Every line holding the string "fastforce" should be copied from the listing.

__________________________________________________

lemma lower_before_upper:
  assumes "sat_atom wl (y, r2, c)" "lower r2" "sat_atom wu (y, r1, d)" "upper r1"
    and "wl y \<le> wu y"
  shows "\<not> (d < c \<or> (d = c \<and> r1 = Lt) \<or> (d = c \<and> r2 = Gt))"
  using assms by (cases r1; cases r2) (auto simp: sat_atom_def upper_def lower_def)

lemma wf_reference_clock:
  assumes "\<forall>t\<in>set \<sigma>. wf_transition m t"
  shows "x0 \<notin> clocks_of \<sigma>"
  using assms by (fastforce simp: clocks_of_def atoms_def reset_clocks_def wf_transition_def)

lemma C1_no_run:
  assumes "run \<sigma> vs" "x0 \<notin> clocks_of \<sigma>" "C1 \<sigma>"
  shows False
proof -
  obtain y r1 d r2 c where y: "y \<in> clocks_of \<sigma> - reset_clocks \<sigma>"
    and up: "(y, r1, d) \<in> atoms \<sigma>" "upper r1" and lo: "(y, r2, c) \<in> atoms \<sigma>" "lower r2"
    and bad: "d < c \<or> (d = c \<and> r1 = Lt) \<or> (d = c \<and> r2 = Gt)"
    using assms(3) unfolding C1_def by blast
  have y0: "y \<noteq> x0" using y assms(2) by blast
  obtain wl where wl: "sat_atom wl (y, r2, c)" "wl y \<le> vs 1 y"
    using run_guard_nonreset[OF assms(1) y0 _ lo(1), of 0] y by auto
  obtain wu where wu: "sat_atom wu (y, r1, d)" "vs 1 y \<le> wu y"
    using run_guard_nonreset[OF assms(1) y0 _ up(1), of 1] y by auto
  from lower_before_upper[OF wl(1) lo(2) wu(1) up(2)] wl(2) wu(2) bad show False by linarith
qed
lemma mem_path_proj1 [simp]:
  "((\<alpha>, \<beta>), a) \<in> path_proj1 (paths A B g h) \<longleftrightarrow> is_path A B g h \<alpha> \<beta> \<and> a \<in> \<alpha>"
  unfolding path_proj1_def by simp

lemma mem_path_proj2 [simp]:
  "((\<alpha>, \<beta>), b) \<in> path_proj2 (paths A B g h) \<longleftrightarrow> is_path A B g h \<alpha> \<beta> \<and> b \<in> \<beta>"
  unfolding path_proj2_def by simp

text \<open>The projections are injective relations by fact (1).\<close>

lemma path_proj1_irel:
  assumes "irel g A Y" "irel h B Y"
  shows "irel (path_proj1 (paths A B g h)) (paths A B g h) A"
  unfolding irel_def
proof (intro conjI allI impI)
  show "path_proj1 (paths A B g h) \<subseteq> paths A B g h \<times> A"
    using is_path_synchronisation unfolding path_proj1_def synchronisation_def by fastforce
  fix \<pi> \<pi>' c
  assume "(\<pi>, c) \<in> path_proj1 (paths A B g h)" "(\<pi>', c) \<in> path_proj1 (paths A B g h)"
  moreover obtain \<alpha> \<beta> \<alpha>' \<beta>' where \<pi>: "\<pi> = (\<alpha>, \<beta>)" "\<pi>' = (\<alpha>', \<beta>')" by fastforce
  ultimately have "is_path A B g h \<alpha> \<beta>" "is_path A B g h \<alpha>' \<beta>'" "c \<in> \<alpha> \<inter> \<alpha>'" by auto
  then show "\<pi> = \<pi>'" using paths_overlap_eq[OF assms] unfolding \<pi> by blast
qed
(* Let $\mathcal Y$ be finite, $X\sim\mathbb P_X$ on $\mathcal X$, $r:\mathcal X\times\mathcal Y\to[0,\infty)$ bounded with $\|r\|_\infty=\sup_{x,y}r(x,y)$, and $g:\mathcal X\times[K]\to[0,1]$ with $\mathbb E_X[g(X,k)]>0$ for all $k$. Let $\mathcal C=\{(y_c,\mathcal I_c)\}_{c\in[C]}$ and $\alpha\in[0,1]$. Let $\mathrm{OPT}$ be the optimal value of the Primal LP$(r,g,\mathbb P_X,\mathcal C,\alpha)$. 1. For any $\hat r:\mathcal X\times\mathcal Y\to[0,\infty)$, let $\varepsilon_{\hat r}=\mathbb E_X\big[\sum_{y\in\mathcal Y}|\hat r(X,y)-r(X,y)|\big]$. If $\hat\pi$ is a minimizer of the Primal LP$(\hat r,g,\mathbb P_X,\mathcal C,\alpha)$, then $\mathbb E_X\big[\sum_{y}r(X,y)\hat\pi(X,y)\big]\le\mathrm{OPT}+\varepsilon_{\hat r}$. 2. For any $\hat g:\mathcal X\times[K]\to[0,1]$ with $\mathbb E_X[\hat g(X,k)]>0$ for all $k$, let $$\varepsilon_{\hat g}=\max_{k\in[K]}\mathbb E_X\Big[\Big|\frac{\hat g(X,k)}{\mathbb E_X[\hat g(X,k)]}-\frac{g(X,k)}{\mathbb E_X[g(X,k)]}\Big|\Big];$$ then $\varepsilon_{\hat g}\le\max_{k\in[K]}\frac{2\mathbb E_X[|\hat g(X,k)-g(X,k)|]}{\mathbb E_X[g(X,k)]}$. If $\hat\pi$ is a minimizer of the Primal LP$(r,\hat g,\mathbb P_X,\mathcal C,\alpha)$, then $$\mathbb E_X\Big[\sum_{y}r(X,y)\hat\pi(X,y)\Big]\le\mathrm{OPT}+2\|r\|_\infty\min\Big(1-\alpha,\frac{\varepsilon_{\hat g}}{\alpha+\varepsilon_{\hat g}}\Big)$$ (with the convention $0/0:=0$), and for all $c\in[C]$, $$\max_{k,k'\in\mathcal I_c}\Big|\mathbb E_X\Big[\Big(\frac{g(X,k)}{\mathbb E_X[g(X,k)]}-\frac{g(X,k')}{\mathbb E_X[g(X,k')]}\Big)\hat\pi(X,y_c)\Big]\Big|\le\min(1,\alpha+\varepsilon_{\hat g}).$$
   Context: Primal LP$(r,g,P,\mathcal C,\alpha)$ for a distribution $P$ on $\mathcal X$, $r:\mathcal X\times\mathcal Y\to[0,\infty)$, $g:\mathcal X\times[K]\to[0,1]$, constraints $\mathcal C=\{(y_c,\mathcal I_c)\}_{c\in[C]}$ ($y_c\in\mathcal Y$, $\mathcal I_c\subseteq[K]$) and $\alpha\in[0,1]$: minimize over $\pi:\mathcal X\times\mathcal Y\to[0,\infty)$ and $q\in\mathbb R^C$ the objective $\mathbb E_{X\sim P}[\sum_{y\in\mathcal Y}r(X,y)\pi(X,y)]$ subject to $\sum_{y}\pi(x,y)=1$ for all $x\in\mathcal X$ and $\big|\mathbb E_{X\sim P}\big[\frac{g(X,k)}{\mathbb E_{X\sim P}[g(X,k)]}\pi(X,y_c)\big]-q_c\big|\le\alpha/2$ for all $c\in[C]$, $k\in\mathcal I_c$. A feasible $\pi$ represents a randomized classifier with $\pi(x,y)=\Pr(h(X)=y\mid X=x)$. When $g(x,k)=\Pr(Z_k=1\mid X=x)$ and $P$ is the law of $X$, the normalizer equals $\Pr(Z_k=1)$ and the constraints are $\alpha$-group fairness. *)

theory Defs
  imports "HOL-Probability.Probability"
begin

__________________________________________________

**THE ANSWER:**
  using assms by (fastforce simp: clocks_of_def atoms_def reset_clocks_def wf_transition_def)
    using is_path_synchronisation unfolding path_proj1_def synchronisation_def by fastforce
  moreover obtain \<alpha> \<beta> \<alpha>' \<beta>' where \<pi>: "\<pi> = (\<alpha>, \<beta>)" "\<pi>' = (\<alpha>', \<beta>')" by fastforce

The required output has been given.